[Extracted entries]

lemma upper_beurling_density_le:
  fixes p q :: nat
  assumes q: "2 \<le> q" "q < p" "q dvd p"
    and \<tau>: "weakly_regular_mapping q \<tau>" and \<Lambda>: "\<Lambda> \<subseteq> tau_star p \<tau> ` words q"
  defines "s \<equiv> ln (real q) / ln (real p)"
  shows "upper_beurling_density s (real_of_int ` \<Lambda>)
           \<le> ereal ((2 * (real p - 1) / (real q - 1)) powr s)"
proof -
  define c where "c = (real q - 1) / (real p - 1)"
  define C where "C = 2 * (real p - 1) / (real q - 1)"
  have c: "c > 0" and C: "C > 0" and "2 / c = C" using q by (simp_all add: c_def C_def)
  have window: "real (card (real_of_int ` \<Lambda> \<inter> {x - h <..< x + h})) / h powr s \<le> (C + 1 / h) powr s"
    if "h > 0" for h x
  proof -
    have "real (card (real_of_int ` \<Lambda> \<inter> {x - h <..< x + h})) / h powr s
            \<le> (2 * h / c + 1) powr s / h powr s"
      unfolding s_def c_def by (intro divide_right_mono card_window_le_powr[OF q \<tau> \<Lambda>]) simp
    also have "\<dots> = ((2 * h / c + 1) / h) powr s" using that c by (simp add: powr_divide)
    also have "(2 * h / c + 1) / h = C + 1 / h" using that c \<open>2 / c = C\<close> by (simp add: field_simps)
    finally show ?thesis .
  qed
  have "eventually (\<lambda>h. (SUP x. ereal (real (card (real_of_int ` \<Lambda> \<inter> {x - h <..< x + h})) / h powr s))
          \<le> ereal ((C + 1 / h) powr s)) at_top"
    using eventually_gt_at_top[of "0::real"] by eventually_elim (auto intro!: SUP_least window)
  then have "upper_beurling_density s (real_of_int ` \<Lambda>) \<le> Limsup at_top (\<lambda>h. ereal ((C + 1 / h) powr s))"
    unfolding upper_beurling_density_def by (rule Limsup_mono)
  also have "\<dots> = ereal (C powr s)"
  proof (intro lim_imp_Limsup tendsto_ereal)
    have "((\<lambda>h::real. C + 1 / h) \<longlongrightarrow> C + 0) at_top"
      by (intro tendsto_intros tendsto_divide_0[OF tendsto_const] filterlim_at_top_imp_at_infinity
          filterlim_ident)
    then show "((\<lambda>h. (C + 1 / h) powr s) \<longlongrightarrow> C powr s) at_top"
      using C by (intro tendsto_powr) auto
  qed simp
  finally show ?thesis unfolding C_def .
qed

definition last_letter_mapping :: "nat list \<Rightarrow> int" where
  "last_letter_mapping I = int (last I)"

lemma regular_mapping_last_letter:
  assumes "q < p"
  shows "regular_mapping p q last_letter_mapping"
  unfolding regular_mapping_def last_letter_mapping_def
proof (intro conjI ballI allI impI)
  fix I assume "I \<in> words q"
  then have "last I < q" unfolding words_def by (auto intro: last_in_set)
  then show "int (last I) \<in> {- 1..int p - 2}" using assms by auto
  show "\<exists>L. \<forall>l\<ge>L. int (last (I @ replicate l 0)) = 0"
    by (rule exI[of _ 1]) auto
qed (auto simp: neq_Nil_conv)

lemma canonical_set_subset_Lambda_tau:
  assumes "q < p"
  shows "canonical_set p q \<subseteq> Lambda_tau p q last_letter_mapping"
proof
  fix z assume "z \<in> canonical_set p q"
  then obtain a k where z: "z = (\<Sum>i<k. int (a i) * int p ^ i)" and k: "k \<ge> 1" "\<forall>i<k. a i < q"
    unfolding canonical_set_def by blast
  define I where "I = map a [0..<k]"
  have I: "I \<in> words q" using k unfolding I_def words_def by auto
  have letter: "last_letter_mapping (pref I (Suc i)) = (if i < k then int (a i) else 0)" for i
    by (simp add: last_letter_mapping_def pref_eq I_def last_conv_nth take_map nth_append)
  obtain K where K_ge: "K \<ge> k"
    and K: "tau_star p last_letter_mapping I = (\<Sum>i<K. last_letter_mapping (pref I (Suc i)) * int p ^ i)"
    using tau_star_eq_sum[OF regular_mapping_imp_weakly_regular[OF regular_mapping_last_letter[OF assms]] I,
        unfolded eventually_sequentially] by (metis le_add1 add.commute)
  have "tau_star p last_letter_mapping I = (\<Sum>i<k. last_letter_mapping (pref I (Suc i)) * int p ^ i)"
    unfolding K using K_ge by (intro sum.mono_neutral_right) (auto simp: letter)
  then have "tau_star p last_letter_mapping I = z"
    unfolding z by (simp add: letter)
  then show "z \<in> Lambda_tau p q last_letter_mapping" unfolding Lambda_tau_def using I by blast
qed
(* Assume $M=m-2n\notin-2\mathbb{N}$. Let $H\subseteq\mathcal{P}$ be a subspace with $\dim H>1$ which is invariant and irreducible under the action of $G=SO(m)\times Sp(2n)$. Then every integration over the supersphere $T$ satisfies $T(f)=0$ for all $f\in H$.
   Context: Let $m,n\ge0$ be integers, $\mathbb{N}=\{0,1,2,\dots\}$. $\mathcal{P}=\mathbb{R}[x_1,\dots,x_m]\otimes\Lambda_{2n}$ is the real algebra generated by commuting $x_1,\dots,x_m$ and anticommuting $\theta_1,\dots,\theta_{2n}$ with $x_i\theta_j=\theta_jx_i$. $x^2=\sum_{j=1}^n\theta_{2j-1}\theta_{2j}-\sum_{j=1}^m x_j^2$. $Sp(2n)=\{D\in GL_{2n}(\mathbb{R}):D^TJD=J\}$ with $J$ block diagonal with $n$ blocks $\begin{pmatrix}0&1/2\\-1/2&0\end{pmatrix}$; $g=(A,D)\in SO(m)\times Sp(2n)$ acts on $f\in\mathcal{P}$ by $f\mapsto f(g\cdot x)$, the image under the algebra automorphism $x_i\mapsto\sum_kA_{ik}x_k$, $\theta_j\mapsto\sum_lD_{jl}\theta_l$. An integration over the supersphere is a linear functional $T:\mathcal{P}\to\mathbb{R}$ such that for all $f\in\mathcal{P}$: (1) $T(x^2f)=-T(f)$; (2) $T(f(g\cdot x))=T(f)$ for all $g\in SO(m)\times Sp(2n)$. *)

theory Defs
  imports Main "HOL-Library.Function_Algebras" "Jordan_Normal_Form.Determinant"
begin

(* Basis monomials x^alpha theta_S, 0-based indices: x_0..x_{m-1}, theta_0..theta_{2n-1};
   theta_S is the product of theta_j, j in S, in increasing order of j. *)
type_synonym smono = "(nat \<Rightarrow> nat) \<times> nat set"
type_synonym spoly = "smono \<Rightarrow> real"

definition valid_mono :: "nat \<Rightarrow> nat \<Rightarrow> smono \<Rightarrow> bool" where
  "valid_mono m n k \<longleftrightarrow> (\<forall>i\<ge>m. fst k i = 0) \<and> snd k \<subseteq> {..<2*n}"

definition supp :: "spoly \<Rightarrow> smono set" where
  "supp f = {k. f k \<noteq> 0}"

definition Pspace :: "nat \<Rightarrow> nat \<Rightarrow> spoly set" where
  "Pspace m n = {f. finite (supp f) \<and> (\<forall>k\<in>supp f. valid_mono m n k)}"

definition mono_sign :: "nat set \<Rightarrow> nat set \<Rightarrow> real" where
  "mono_sign S T = (-1) ^ card {(s,t). s \<in> S \<and> t \<in> T \<and> t < s}"

definition mono_mult :: "smono \<Rightarrow> smono \<Rightarrow> smono option" where
  "mono_mult a b = (if snd a \<inter> snd b = {} then Some (\<lambda>i. fst a i + fst b i, snd a \<union> snd b) else None)"

definition smult :: "spoly \<Rightarrow> spoly \<Rightarrow> spoly" where
  "smult f g = (\<lambda>k. \<Sum>p\<in>supp f \<times> supp g.
      (case mono_mult (fst p) (snd p) of
         None \<Rightarrow> 0
       | Some k' \<Rightarrow> if k' = k then mono_sign (snd (fst p)) (snd (snd p)) * f (fst p) * g (snd p) else 0))"

definition sone :: spoly where
  "sone = (\<lambda>k. if k = (\<lambda>_. 0, {}) then 1 else 0)"

definition Xv :: "nat \<Rightarrow> spoly" where
  "Xv i = (\<lambda>k. if k = (\<lambda>j. if j = i then 1 else 0, {}) then 1 else 0)"

definition Th :: "nat \<Rightarrow> spoly" where
  "Th j = (\<lambda>k. if k = (\<lambda>_. 0, {j}) then 1 else 0)"

fun spow :: "spoly \<Rightarrow> nat \<Rightarrow> spoly" where
  "spow f 0 = sone"
| "spow f (Suc k) = smult f (spow f k)"

(* x^2 = sum_j theta_{2j-1} theta_{2j} - sum_j x_j^2  (1-based), i.e. 0-based below *)
definition xsq :: "nat \<Rightarrow> nat \<Rightarrow> spoly" where
  "xsq m n = (\<lambda>k. (\<Sum>j<n. smult (Th (2*j)) (Th (2*j+1)) k) - (\<Sum>i<m. smult (Xv i) (Xv i) k))"

definition lin_x :: "nat \<Rightarrow> real mat \<Rightarrow> nat \<Rightarrow> spoly" where
  "lin_x m A i = (\<lambda>k. \<Sum>l<m. A $$ (i,l) * Xv l k)"

definition lin_th :: "nat \<Rightarrow> real mat \<Rightarrow> nat \<Rightarrow> spoly" where
  "lin_th n D j = (\<lambda>k. \<Sum>l<2*n. D $$ (j,l) * Th l k)"

(* image of the basis monomial x^alpha theta_S under x_i -> sum_k A_ik x_k, theta_j -> sum_l D_jl theta_l *)
definition mono_image :: "nat \<Rightarrow> nat \<Rightarrow> real mat \<Rightarrow> real mat \<Rightarrow> smono \<Rightarrow> spoly" where
  "mono_image m n A D k =
     smult (foldr smult (map (\<lambda>i. spow (lin_x m A i) (fst k i)) [0..<m]) sone)
           (foldr smult (map (lin_th n D) (sorted_list_of_set (snd k))) sone)"

(* f(g.x) for g = (A,D) *)
definition act :: "nat \<Rightarrow> nat \<Rightarrow> real mat \<Rightarrow> real mat \<Rightarrow> spoly \<Rightarrow> spoly" where
  "act m n A D f = (\<lambda>k. \<Sum>k0\<in>supp f. f k0 * mono_image m n A D k0 k)"

definition inSO :: "nat \<Rightarrow> real mat \<Rightarrow> bool" where
  "inSO m A \<longleftrightarrow> A \<in> carrier_mat m m \<and> transpose_mat A * A = 1\<^sub>m m \<and> det A = 1"

definition Jmat :: "nat \<Rightarrow> real mat" where
  "Jmat n = mat (2*n) (2*n) (\<lambda>(i,j). if even i \<and> j = i + 1 then 1/2
                                      else if odd i \<and> i = j + 1 then -1/2 else 0)"

definition inSp :: "nat \<Rightarrow> real mat \<Rightarrow> bool" where
  "inSp n D \<longleftrightarrow> D \<in> carrier_mat (2*n) (2*n) \<and> det D \<noteq> 0 \<and>
                 transpose_mat D * Jmat n * D = Jmat n"

definition is_subspace :: "nat \<Rightarrow> nat \<Rightarrow> spoly set \<Rightarrow> bool" where
  "is_subspace m n H \<longleftrightarrow> H \<subseteq> Pspace m n \<and> (\<lambda>_. 0) \<in> H \<and>
     (\<forall>f\<in>H. \<forall>g\<in>H. \<forall>a b::real. (\<lambda>k. a * f k + b * g k) \<in> H)"

definition G_invariant :: "nat \<Rightarrow> nat \<Rightarrow> spoly set \<Rightarrow> bool" where
  "G_invariant m n H \<longleftrightarrow> (\<forall>A D f. inSO m A \<and> inSp n D \<and> f \<in> H \<longrightarrow> act m n A D f \<in> H)"

definition G_irreducible :: "nat \<Rightarrow> nat \<Rightarrow> spoly set \<Rightarrow> bool" where
  "G_irreducible m n H \<longleftrightarrow> H \<noteq> {\<lambda>_. 0} \<and>
     (\<forall>K. is_subspace m n K \<and> K \<subseteq> H \<and> G_invariant m n K \<longrightarrow> K = {\<lambda>_. 0} \<or> K = H)"

definition dim_gt_one :: "spoly set \<Rightarrow> bool" where
  "dim_gt_one H \<longleftrightarrow> (\<exists>f\<in>H. \<exists>g\<in>H. \<forall>a b::real. (\<lambda>k. a * f k + b * g k) = (\<lambda>_. 0) \<longrightarrow> a = 0 \<and> b = 0)"

definition supersphere_integration :: "nat \<Rightarrow> nat \<Rightarrow> (spoly \<Rightarrow> real) \<Rightarrow> bool" where
  "supersphere_integration m n T \<longleftrightarrow>
     (\<forall>f\<in>Pspace m n. \<forall>g\<in>Pspace m n. \<forall>a b::real. T (\<lambda>k. a * f k + b * g k) = a * T f + b * T g) \<and>
     (\<forall>f\<in>Pspace m n. T (smult (xsq m n) f) = - T f) \<and>
     (\<forall>f\<in>Pspace m n. \<forall>A D. inSO m A \<and> inSp n D \<longrightarrow> T (act m n A D f) = T f)"

end

theory Submission
  imports Defs
begin

text \<open>The restriction of T to H is a G-invariant linear functional, so its kernel is a
G-invariant subspace of H. Since dim H > 1, a linear functional on H cannot be injective, so by
irreducibility the kernel is all of H.\<close>

definition linear_functional_on :: "spoly set \<Rightarrow> (spoly \<Rightarrow> real) \<Rightarrow> bool" where
  "linear_functional_on V T \<longleftrightarrow>
     (\<forall>f\<in>V. \<forall>g\<in>V. \<forall>a b. T (\<lambda>k. a * f k + b * g k) = a * T f + b * T g)"

definition G_invariant_functional :: "nat \<Rightarrow> nat \<Rightarrow> (spoly \<Rightarrow> real) \<Rightarrow> bool" where
  "G_invariant_functional m n T \<longleftrightarrow>
     (\<forall>f\<in>Pspace m n. \<forall>A D. inSO m A \<and> inSp n D \<longrightarrow> T (act m n A D f) = T f)"

lemma linear_functional_onD:
  "linear_functional_on V T \<Longrightarrow> f \<in> V \<Longrightarrow> g \<in> V \<Longrightarrow>
    T (\<lambda>k. a * f k + b * g k) = a * T f + b * T g"
  unfolding linear_functional_on_def by blast

lemma supersphere_integration_linear:
  "supersphere_integration m n T \<Longrightarrow> linear_functional_on (Pspace m n) T"
  unfolding supersphere_integration_def linear_functional_on_def by blast

lemma supersphere_integration_G_invariant:
  "supersphere_integration m n T \<Longrightarrow> G_invariant_functional m n T"
  unfolding supersphere_integration_def G_invariant_functional_def by blast

lemma linear_functional_on_zero:
  assumes "linear_functional_on V T" and "(\<lambda>_. 0) \<in> V"
  shows "T (\<lambda>_. 0) = 0"
proof -
  have "T (\<lambda>k. 0 * (\<lambda>_. 0::real) k + 0 * (\<lambda>_. 0::real) k) = 0 * T (\<lambda>_. 0) + 0 * T (\<lambda>_. 0)"
    using linear_functional_onD[OF assms(1,2,2)] .
  then show ?thesis by simp
qed

lemma is_subspace_kernel:
  assumes "is_subspace m n H" and "linear_functional_on (Pspace m n) T"
  shows "is_subspace m n {f\<in>H. T f = 0}"
proof -
  have "T (\<lambda>_. 0) = 0"
    using assms linear_functional_on_zero unfolding is_subspace_def by blast
  moreover have "T (\<lambda>k. a * f k + b * g k) = 0"
    if "f \<in> H" "g \<in> H" "T f = 0" "T g = 0" for f g a b
  proof -
    have "f \<in> Pspace m n" "g \<in> Pspace m n"
      using that(1,2) assms(1) unfolding is_subspace_def by auto
    then show ?thesis
      using linear_functional_onD[OF assms(2)] that(3,4) by simp
  qed
  ultimately show ?thesis
    using assms(1) unfolding is_subspace_def by auto
qed

lemma G_invariant_kernel:
  assumes "G_invariant m n H" and "H \<subseteq> Pspace m n" and "G_invariant_functional m n T"
  shows "G_invariant m n {f\<in>H. T f = 0}"
  using assms unfolding G_invariant_def G_invariant_functional_def by auto

lemma kernel_nontrivial_if_dim_gt_one:
  assumes "is_subspace m n H" and "dim_gt_one H" and "linear_functional_on (Pspace m n) T"
  obtains h where "h \<in> H" "h \<noteq> (\<lambda>_. 0)" "T h = 0"
proof -
  obtain f g where f: "f \<in> H" and g: "g \<in> H"
    and indep: "\<And>a b. (\<lambda>k. a * f k + b * g k) = (\<lambda>_. 0) \<Longrightarrow> a = 0 \<and> b = 0"
    using assms(2) unfolding dim_gt_one_def by blast
  have fg: "f \<in> Pspace m n" "g \<in> Pspace m n"
    using f g assms(1) unfolding is_subspace_def by auto
  consider "T f = 0" | "T f \<noteq> 0" by blast
  then show ?thesis
  proof cases
    case 1
    have "f \<noteq> (\<lambda>_. 0)"
      using indep[of 1 0] by auto
    with 1 f that show ?thesis by blast
  next
    case 2
    define h where "h = (\<lambda>k. T g * f k + (- T f) * g k)"
    have "h \<in> H"
      using f g assms(1) unfolding h_def is_subspace_def by blast
    moreover have "T h = 0"
      using linear_functional_onD[OF assms(3) fg, of "T g" "- T f"] unfolding h_def by simp
    moreover have "h \<noteq> (\<lambda>_. 0)"
      using indep[of "T g" "- T f"] 2 unfolding h_def by auto
    ultimately show ?thesis using that by blast
  qed
qed

theorem mainTheorem7:
  fixes m n :: nat and H :: "spoly set" and T :: "spoly \<Rightarrow> real"
  assumes "\<not> (\<exists>k::nat. int m - 2 * int n = - 2 * int k)"
    and "is_subspace m n H" and "dim_gt_one H"
    and "G_invariant m n H" and "G_irreducible m n H"
    and "supersphere_integration m n T"
  shows "\<forall>f\<in>H. T f = 0"
proof -
  let ?K = "{f\<in>H. T f = 0}"
  have lin: "linear_functional_on (Pspace m n) T"
    using assms(6) by (rule supersphere_integration_linear)
  have "is_subspace m n ?K"
    using assms(2) lin by (rule is_subspace_kernel)
  moreover have "G_invariant m n ?K"
    using assms(4,6) assms(2)[unfolded is_subspace_def]
    by (blast intro: G_invariant_kernel supersphere_integration_G_invariant)
  ultimately have "?K = {\<lambda>_. 0} \<or> ?K = H"
    using assms(5) unfolding G_irreducible_def by blast
  moreover obtain h where "h \<in> H" "h \<noteq> (\<lambda>_. 0)" "T h = 0"
    using assms(2,3) lin by (rule kernel_nontrivial_if_dim_gt_one)
  ultimately have "?K = H" by blast
  then show ?thesis by blast
qed

end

[/Extracted entries]

**Problem details:** Among the entries above, copy exactly only the lines starting with the one containing "unfolding supersphere_integration_def G_invariant_functional_def" and going through the one containing "using linear_functional_onD[OF assms(1,2,2)]", both ends included.

**Reply to the task:**
  unfolding supersphere_integration_def G_invariant_functional_def by blast

lemma linear_functional_on_zero:
  assumes "linear_functional_on V T" and "(\<lambda>_. 0) \<in> V"
  shows "T (\<lambda>_. 0) = 0"
proof -
  have "T (\<lambda>k. 0 * (\<lambda>_. 0::real) k + 0 * (\<lambda>_. 0::real) k) = 0 * T (\<lambda>_. 0) + 0 * T (\<lambda>_. 0)"
    using linear_functional_onD[OF assms(1,2,2)] .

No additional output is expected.